Por fim, todo ser humano apresenta também reflexos e instintos vinculados a estruturas biológicas hereditárias
próprias da espécie humana.
O que queremos destacar, no entanto, é que o ser humano não nasce pronto pelas "mãos da natureza".
A vida de cada indivíduo depende do parto de si mesmo, num processo permanente de "nascer sem parar".
O que determina, então, essa diferença entre o "animal homem" e todos os outros animais?
O ponto de transição
Podemos fazer agora as seguintes perguntas: onde acaba, no ser humano, a natureza e começa a
cultura? Em que ponto, em que momento, com que fato ocorreu essa transição ou essa síntese?
O tema é polêmico. Alguns estudiosos afirmam que não há um limite rígido entre natureza e cultura,
enquanto para outros um provável indicador desse limite seria a construção de instrumentos de trabalho. Aqui
destacaremos duas correntes interpretativas que consideramos as mais relevantes.

Linguagem e comunicação
Alguns estudiosos entendem que o fator determinante da transição natureza -cultura é a linguagem.
Trata-se de uma corrente que entende o ser humano fundamentalmente como um ser lingüístico.
Assim, segundo esse antropólogo, o que teria distanciado definitivamente o homem da ordem comum
dos animais - animal que ele também é e nunca deixará de ser - e permitido a sua entrada no universo da
cultura seria o desenvolvimento da linguagem e da comunicação.
De fato, a linguagem constitui uma das dimensões mais importantes da cultura, pois é ela que permite o
intercâmbio das experiências e as aquisições culturais. É pela linguagem, por exemplo, que os pais comunicam
aos filhos não apenas suas experiências pessoais, mas algo mais amplo: as experiências acumuladas e
compartilhadas pela sociedade. De modo inverso, é também por meio da linguagem que o conhecimento
individual de cada pessoa pode incorporar-se ao patrimônio social.

Trabalho
Outra vertente interpretativa, desenvolvida por Karl Marx, filósofo alemão do século XIX, entende que é
o trabalho que possibilita a distinção entre ser humano e animais; portanto, entre cultura e natureza.
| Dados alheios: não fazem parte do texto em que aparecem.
(* Let $p$ (true dynamics) and $\hat p$ (learned model) be dynamics kernels, and let $\pi_D$ (data-collecting policy) and $\pi$ be policies. Suppose $$\sup_{t\ge 0}\ \mathbb E_{s\sim d_t^{\pi_D},\,a\sim \pi_D(\cdot\mid s)}\Big[D_{TV}\big(p(\cdot\mid s,a),\hat p(\cdot\mid s,a)\big)\Big]\le \epsilon_m \qquad\text{and}\qquad \sup_{s\in\mathcal S} D_{TV}\big(\pi_D(\cdot\mid s),\pi(\cdot\mid s)\big)\le\epsilon_\pi .$$ Then, writing $\eta[\pi]=\eta(\pi,p)$ and $\hat\eta[\pi]=\eta(\pi,\hat p)$, $$\eta[\pi]\ \ge\ \hat\eta[\pi]-\frac{2\gamma r_{\max}(\epsilon_m+2\epsilon_\pi)}{(1-\gamma)^2}-\frac{4r_{\max}\epsilon_\pi}{1-\gamma}.$$
   Context: Let $\mathcal S$ and $\mathcal A$ be countable (e.g. finite) state and action spaces, $\rho_0$ a probability distribution on $\mathcal S$ (initial state distribution), $\gamma\in(0,1)$ a discount factor, and $r:\mathcal S\times\mathcal A\to\mathbb R$ a reward function with $|r(s,a)|\le r_{\max}$ for all $(s,a)$. A policy is a Markov kernel $\pi(a\mid s)$ from $\mathcal S$ to $\mathcal A$; a dynamics kernel is a Markov kernel $q(s'\mid s,a)$ from $\mathcal S\times\mathcal A$ to $\mathcal S$. For a policy $\pi$ and dynamics $q$, the return is $\eta(\pi,q)=\sum_{t\ge0}\gamma^t\,\mathbb E[r(s_t,a_t)]$, where $s_0\sim\rho_0$, $a_t\sim\pi(\cdot\mid s_t)$, $s_{t+1}\sim q(\cdot\mid s_t,a_t)$. For probability distributions $\mu,\nu$ on a countable set, $D_{TV}(\mu,\nu)=\frac12\sum_x|\mu(x)-\nu(x)|$. Here $d_t^{\pi_D}$ denotes the distribution of $s_t$ when $s_0\sim\rho_0$, $a_i\sim\pi_D(\cdot\mid s_i)$, $s_{i+1}\sim p(\cdot\mid s_i,a_i)$ (the time-$t$ state marginal of $\pi_D$ under the true dynamics $p$). *)

theory Defs
  imports "HOL-Probability.Probability"
begin

definition tv_dist :: "'x pmf \<Rightarrow> 'x pmf \<Rightarrow> real" where
  "tv_dist \<mu> \<nu> = (\<Sum>\<^sub>\<infinity>x. \<bar>pmf \<mu> x - pmf \<nu> x\<bar>) / 2"
(* Let $H$ and $G$ be non-abelian simple groups and let $j\colon\mathrm{Aut}(H)\to\mathrm{Aut}(G)$ be an injective homomorphism with $j(\mathrm{Inn}(H))\subseteq\mathrm{Inn}(G)$. Assume $\mathrm{Aut}(G)$ is co-hopfian and $\mathrm{Out}(G)$ is hyperabelian. Let $N=j^{-1}(\mathrm{Inn}(G))$ (a normal subgroup of $\mathrm{Aut}(H)$ containing $\mathrm{Inn}(H)$), let $k\colon\mathrm{Out}(H)\to\mathrm{Out}(G)$ be the homomorphism induced by $j$, and let $\pi\colon\mathrm{Out}(H)=\mathrm{Aut}(H)/\mathrm{Inn}(H)\to\mathrm{Aut}(H)/N$ be the canonical projection. Then $j$ is a localization if and only if the following four conditions hold: (a) for every injective homomorphism $\kappa\colon\mathrm{Aut}(H)\to\mathrm{Aut}(G)$ there exists $\theta\in\mathrm{Aut}(\mathrm{Aut}(G))$ with $\theta\circ j=\kappa$ (i.e. $\mathrm{Aut}(\mathrm{Aut}(G))$ acts transitively, by composition, on the set of monomorphisms $\mathrm{Aut}(H)\to\mathrm{Aut}(G)$); (b) the only $\theta\in\mathrm{Aut}(\mathrm{Aut}(G))$ with $\theta\circ j=j$ is the identity; (c) for every homomorphism $\varphi'\colon\mathrm{Aut}(H)/N\to\mathrm{Aut}(G)$ there exists a unique homomorphism $\psi'\colon\mathrm{Out}(G)\to\mathrm{Aut}(G)$ with $\psi'\circ k=\varphi'\circ\pi$; (d) every homomorphism $\varphi\colon\mathrm{Aut}(H)\to\mathrm{Aut}(G)$ with $\mathrm{Inn}(H)\subseteq\ker\varphi$ satisfies $N\subseteq\ker\varphi$.
   Context: A group homomorphism $i\colon X\to Y$ is a localization if for every homomorphism $\varphi\colon X\to Y$ there exists a unique homomorphism $\psi\colon Y\to Y$ with $\psi\circ i=\varphi$. A group is co-hopfian if every injective endomorphism is an automorphism. A group $A$ is hyperabelian if every non-trivial quotient of $A$ has a non-trivial abelian normal subgroup. $\mathrm{Out}(X)=\mathrm{Aut}(X)/\mathrm{Inn}(X)$. *)

theory Defs
  imports "HOL-Algebra.Algebra"
begin
lemma sum_abs_prod_list_diff_le:
  fixes x y :: "'a::finite \<Rightarrow> real"
  assumes x_nonneg: "\<And>a. 0 \<le> x a" and y_nonneg: "\<And>a. 0 \<le> y a"
    and x_le: "(\<Sum>a\<in>UNIV. x a) \<le> R" and y_le: "(\<Sum>a\<in>UNIV. y a) \<le> R"
  shows "(\<Sum>xs\<in>{xs. length xs = n}. \<bar>prod_list (map x xs) - prod_list (map y xs)\<bar>)
          \<le> real n * R ^ (n - 1) * (\<Sum>a\<in>UNIV. \<bar>x a - y a\<bar>)"
proof (induction n)
  case 0
  have "{xs::'a list. length xs = 0} = {[]}" by auto
  then show ?case by simp
next
  case (Suc n)
  let ?D = "\<Sum>a\<in>UNIV. \<bar>x a - y a\<bar>"
  let ?X = "\<lambda>xs. prod_list (map x xs)" and ?Y = "\<lambda>xs. prod_list (map y xs)"
  have R_nonneg: "0 \<le> R" using y_nonneg y_le by (meson order.trans sum_nonneg)
  have step: "\<bar>x a * ?X xs - y a * ?Y xs\<bar> \<le> \<bar>x a - y a\<bar> * ?X xs + y a * \<bar>?X xs - ?Y xs\<bar>" for a xs
  proof -
    have "x a * ?X xs - y a * ?Y xs = (x a - y a) * ?X xs + y a * (?X xs - ?Y xs)"
      by (simp add: algebra_simps)
    then show ?thesis
      using abs_triangle_ineq[of "(x a - y a) * ?X xs" "y a * (?X xs - ?Y xs)"]
        y_nonneg[of a] prod_list_map_nonneg[of x xs] x_nonneg
      by (simp add: abs_mult)
  qed
  have "(\<Sum>xs\<in>{xs. length xs = Suc n}. \<bar>?X xs - ?Y xs\<bar>)
      = (\<Sum>a\<in>UNIV. \<Sum>xs\<in>{xs. length xs = n}. \<bar>x a * ?X xs - y a * ?Y xs\<bar>)"
    by (simp add: sum_lists_length_Suc)
  also have "\<dots> \<le> (\<Sum>a\<in>UNIV. \<Sum>xs\<in>{xs. length xs = n}. \<bar>x a - y a\<bar> * ?X xs + y a * \<bar>?X xs - ?Y xs\<bar>)"
    by (intro sum_mono step)
  also have "\<dots> = (\<Sum>a\<in>UNIV. \<bar>x a - y a\<bar> * (\<Sum>a\<in>UNIV. x a) ^ n
       + y a * (\<Sum>xs\<in>{xs. length xs = n}. \<bar>?X xs - ?Y xs\<bar>))"
    by (simp add: sum.distrib sum_distrib_left[symmetric] sum_prod_list_lists_length)
  also have "\<dots> \<le> (\<Sum>a\<in>UNIV. \<bar>x a - y a\<bar> * R ^ n + y a * (real n * R ^ (n - 1) * ?D))"
    using x_nonneg y_nonneg x_le Suc.IH
    by (intro sum_mono add_mono mult_left_mono power_mono) (auto intro: sum_nonneg)
  also have "\<dots> = ?D * R ^ n + (\<Sum>a\<in>UNIV. y a) * (real n * R ^ (n - 1) * ?D)"
    by (simp add: sum.distrib sum_distrib_right)
  also have "\<dots> \<le> ?D * R ^ n + R * (real n * R ^ (n - 1) * ?D)"
    using y_le R_nonneg by (intro add_left_mono mult_right_mono) (auto intro: sum_nonneg)
  also have "\<dots> = real (Suc n) * R ^ (Suc n - 1) * ?D"
    by (cases n) (auto simp: algebra_simps)
  finally show ?case .
qed

lemma powr_neg_ge_tangent:
  fixes x p :: real
  assumes "0 < x" "0 \<le> p"
  shows "1 - p * (x - 1) \<le> x powr (- p)"
proof -
  have "1 - p * (x - 1) \<le> 1 + - p * ln x"
    using ln_le_minus_one[OF \<open>0 < x\<close>] \<open>0 \<le> p\<close> by (simp add: mult_left_mono)
  also have "\<dots> \<le> exp (- p * ln x)"
    by (rule exp_ge_add_one_self)
  also have "\<dots> = x powr (- p)"
    using \<open>0 < x\<close> by (simp add: powr_def)
  finally show ?thesis .
qed

lemma powr_neg_diff_le:
  fixes u w p :: real
  assumes "1 \<le> u" "u \<le> w" "0 \<le> p"
  shows "(u powr (- p) - w powr (- p)) * u \<le> p * (w - u)"
proof -
  have u_pos: "0 < u" using assms by simp
  have "w powr (- p) = u powr (- p) * (w / u) powr (- p)"
    using u_pos assms(2) by (simp add: powr_divide)
  then have "(u powr (- p) - w powr (- p)) * u = u powr (- p) * ((1 - (w / u) powr (- p)) * u)"
    by (simp add: algebra_simps)
  also have "\<dots> \<le> u powr (- p) * (p * (w / u - 1) * u)"
    using powr_neg_ge_tangent[of "w / u" p] u_pos assms
    by (intro mult_left_mono mult_right_mono) auto
  also have "\<dots> = u powr (- p) * (p * (w - u))"
    using u_pos by (simp add: field_simps)
  also have "\<dots> \<le> p * (w - u)"
    using assms powr_mono[of "- p" 0 u] by (intro mult_left_le_one_le) auto
  finally show ?thesis .
qed

lemma esum_add: "esum (a + b) = esum a + esum b"
  by (simp add: esum_def sum.distrib)

lemma esum_scaleR: "esum (c *\<^sub>R a) = c * esum a"
  by (simp add: esum_def sum_distrib_left)

lemma esum_nonneg: "(\<And>i. 0 \<le> a $ i) \<Longrightarrow> 0 \<le> esum a"
  by (simp add: esum_def sum_nonneg)

lemma norm1_triangle: "norm1 (a + b) \<le> norm1 a + norm1 b"
  unfolding norm1_def sum.distrib[symmetric] by (intro sum_mono) (simp add: abs_triangle_ineq)

lemma norm1_scaleR: "norm1 (c *\<^sub>R a) = \<bar>c\<bar> * norm1 a"
  by (simp add: norm1_def sum_distrib_left abs_mult)

lemma norm1_eq_esum: "(\<And>i. 0 \<le> a $ i) \<Longrightarrow> norm1 a = esum a"
  by (simp add: norm1_def esum_def)

lemma norm1_minus_commute: "norm1 (a - b) = norm1 (b - a)"
  by (simp add: norm1_def abs_minus_commute)

lemma abs_esum_diff_le: "\<bar>esum a - esum b\<bar> \<le> norm1 (a - b)"
  unfolding norm1_def esum_def sum_subtractf[symmetric] by simp

lemma norm1_powr_rescale_diff_le_ordered:
  assumes a_nonneg: "\<And>i. 0 \<le> a $ i" and b_nonneg: "\<And>i. 0 \<le> b $ i"
    and "1 \<le> esum b" "esum b \<le> esum a" "0 \<le> p"
  shows "norm1 (esum a powr (- p) *\<^sub>R a - esum b powr (- p) *\<^sub>R b) \<le> (1 + p) * norm1 (a - b)"
proof -
  define ca cb where "ca = esum a powr (- p)" and "cb = esum b powr (- p)"
  have ca_le_cb: "ca \<le> cb" and ca_le_1: "ca \<le> 1"
    using assms powr_mono2'[of "- p" "esum b" "esum a"] powr_mono[of "- p" 0 "esum a"]
    by (auto simp: ca_def cb_def)
  have "ca *\<^sub>R a - cb *\<^sub>R b = ca *\<^sub>R (a - b) + (ca - cb) *\<^sub>R b"
    by (simp add: algebra_simps)
  then have "norm1 (ca *\<^sub>R a - cb *\<^sub>R b) \<le> ca * norm1 (a - b) + (cb - ca) * esum b"
    using norm1_triangle[of "ca *\<^sub>R (a - b)" "(ca - cb) *\<^sub>R b"] ca_le_cb
    by (simp add: norm1_scaleR norm1_eq_esum[OF b_nonneg] ca_def)
  also have "\<dots> \<le> 1 * norm1 (a - b) + p * (esum a - esum b)"
    using assms ca_le_1 powr_neg_diff_le[of "esum b" "esum a" p]
    by (intro add_mono mult_right_mono) (auto simp: ca_def cb_def norm1_def mult.commute)
  also have "\<dots> \<le> (1 + p) * norm1 (a - b)"
    using abs_esum_diff_le[of a b] \<open>0 \<le> p\<close> mult_left_mono[of "esum a - esum b" "norm1 (a - b)" p]
    by (simp add: algebra_simps)
  finally show ?thesis by (simp add: ca_def cb_def)
qed

lemma norm1_powr_rescale_diff_le:
  assumes "\<And>i. 0 \<le> a $ i" "\<And>i. 0 \<le> b $ i" "1 \<le> esum a" "1 \<le> esum b" "0 \<le> p"
  shows "norm1 (esum a powr (- p) *\<^sub>R a - esum b powr (- p) *\<^sub>R b) \<le> (1 + p) * norm1 (a - b)"
proof (cases "esum b \<le> esum a")
  case True
  then show ?thesis using assms by (intro norm1_powr_rescale_diff_le_ordered)
next
  case False
  then have "norm1 (esum b powr (- p) *\<^sub>R b - esum a powr (- p) *\<^sub>R a) \<le> (1 + p) * norm1 (b - a)"
    using assms by (intro norm1_powr_rescale_diff_le_ordered) auto
  then show ?thesis by (metis norm1_minus_commute)
qed

lemma tensor_apply_nonneg:
  assumes "colwise_substochastic k P" "\<And>i. 0 \<le> y $ i"
  shows "0 \<le> tensor_apply k P y $ i"
  using assms unfolding tensor_apply_def colwise_substochastic_def
  by (auto intro!: sum_nonneg mult_nonneg_nonneg prod_list_map_nonneg)

lemma esum_tensor_apply_le:
  fixes P :: "'n::finite \<Rightarrow> 'n list \<Rightarrow> real"
  assumes "colwise_substochastic k P" "\<And>i. 0 \<le> y $ i"
  shows "esum (tensor_apply k P y) \<le> esum y ^ (k - 1)"
proof -
  let ?Y = "\<lambda>is. prod_list (map (\<lambda>j. y $ j) is)"
  have "esum (tensor_apply k P y) = (\<Sum>is\<in>tensor_indices k. (\<Sum>i\<in>UNIV. P i is) * ?Y is)"
    unfolding esum_def tensor_apply_def by (simp add: sum.swap[of _ UNIV] sum_distrib_right)
  also have "\<dots> \<le> (\<Sum>is\<in>tensor_indices k. 1 * ?Y is)"
    using assms unfolding colwise_substochastic_def
    by (intro sum_mono mult_right_mono) (auto intro: prod_list_map_nonneg)
  also have "\<dots> = esum y ^ (k - 1)"
    unfolding tensor_indices_def esum_def by (simp add: sum_prod_list_lists_length)
  finally show ?thesis .
qed

lemma norm1_tensor_apply_diff_le:
  fixes P :: "'n::finite \<Rightarrow> 'n list \<Rightarrow> real"
  assumes "colwise_substochastic k P" "\<And>i. 0 \<le> x $ i" "\<And>i. 0 \<le> y $ i"
    "esum x \<le> R" "esum y \<le> R"
  shows "norm1 (tensor_apply k P x - tensor_apply k P y) \<le> real (k - 1) * R ^ (k - 2) * norm1 (x - y)"
proof -
  let ?X = "\<lambda>is. prod_list (map (\<lambda>j. x $ j) is)"
  let ?Y = "\<lambda>is. prod_list (map (\<lambda>j. y $ j) is)"
  have "norm1 (tensor_apply k P x - tensor_apply k P y)
      = (\<Sum>i\<in>UNIV. \<bar>\<Sum>is\<in>tensor_indices k. P i is * (?X is - ?Y is)\<bar>)"
    unfolding norm1_def tensor_apply_def by (simp add: sum_subtractf[symmetric] algebra_simps)
  also have "\<dots> \<le> (\<Sum>i\<in>UNIV. \<Sum>is\<in>tensor_indices k. P i is * \<bar>?X is - ?Y is\<bar>)"
    using assms(1) unfolding colwise_substochastic_def
    by (intro sum_mono order.trans[OF sum_abs]) (simp add: abs_mult)
  also have "\<dots> = (\<Sum>is\<in>tensor_indices k. (\<Sum>i\<in>UNIV. P i is) * \<bar>?X is - ?Y is\<bar>)"
    by (simp add: sum.swap[of _ UNIV] sum_distrib_right)
  also have "\<dots> \<le> (\<Sum>is\<in>tensor_indices k. 1 * \<bar>?X is - ?Y is\<bar>)"
    using assms(1) unfolding colwise_substochastic_def
    by (intro sum_mono mult_right_mono) auto
  also have "\<dots> \<le> real (k - 1) * R ^ (k - 1 - 1) * norm1 (x - y)"
    using sum_abs_prod_list_diff_le[of "\<lambda>j. x $ j" "\<lambda>j. y $ j" R "k - 1"] assms(2-5)
    by (simp add: tensor_indices_def esum_def norm1_def)
  finally show ?thesis by (simp add: numeral_2_eq_2)
qed

lemma esum_powr_rescale_le:
  assumes "0 < esum a" "esum a \<le> M" "0 \<le> q"
  shows "esum (esum a powr (- (1 - q)) *\<^sub>R a) \<le> M powr q"
proof -
  have "esum (esum a powr (- (1 - q)) *\<^sub>R a) = esum a powr (- (1 - q)) * esum a powr 1"
    using assms by (simp add: esum_scaleR)
  also have "\<dots> = esum a powr q"
    by (simp only: powr_add[symmetric]) simp
  also have "\<dots> \<le> M powr q"
    using assms by (intro powr_mono2) auto
  finally show ?thesis .
qed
É a partir
do trabalho, e da fonna como se dá o processo de produção da vida material dos homens, que todas as outras
fonnas de manifestações humanas se desenvolvem. Para Marx:

Pode-se considerar a consciência, a religião e tudo o que se quiser como distinção entre os homens e os animais; porém esta
distinção só começa a efetivar-se quando os homens iniciam a produção dos seus meios de vida.
MARX, K. e ENGEl, F. Ideologia alemã, v. 1, p. 19

De acordo com essa interpretação, portanto, é o modo como os homens constroem sua vida material
que dá origem à elaboração da vida espiritual e das relações sociais, formando um conjunto que constitui a
cultura. Isso quer dizer também que não podemos falar de cul.tura no singular, mas sim de culturas, pois elas
são multiplas e variáveis, de acordo com a diversidade dos modos de ser e viver das coletividades humanas.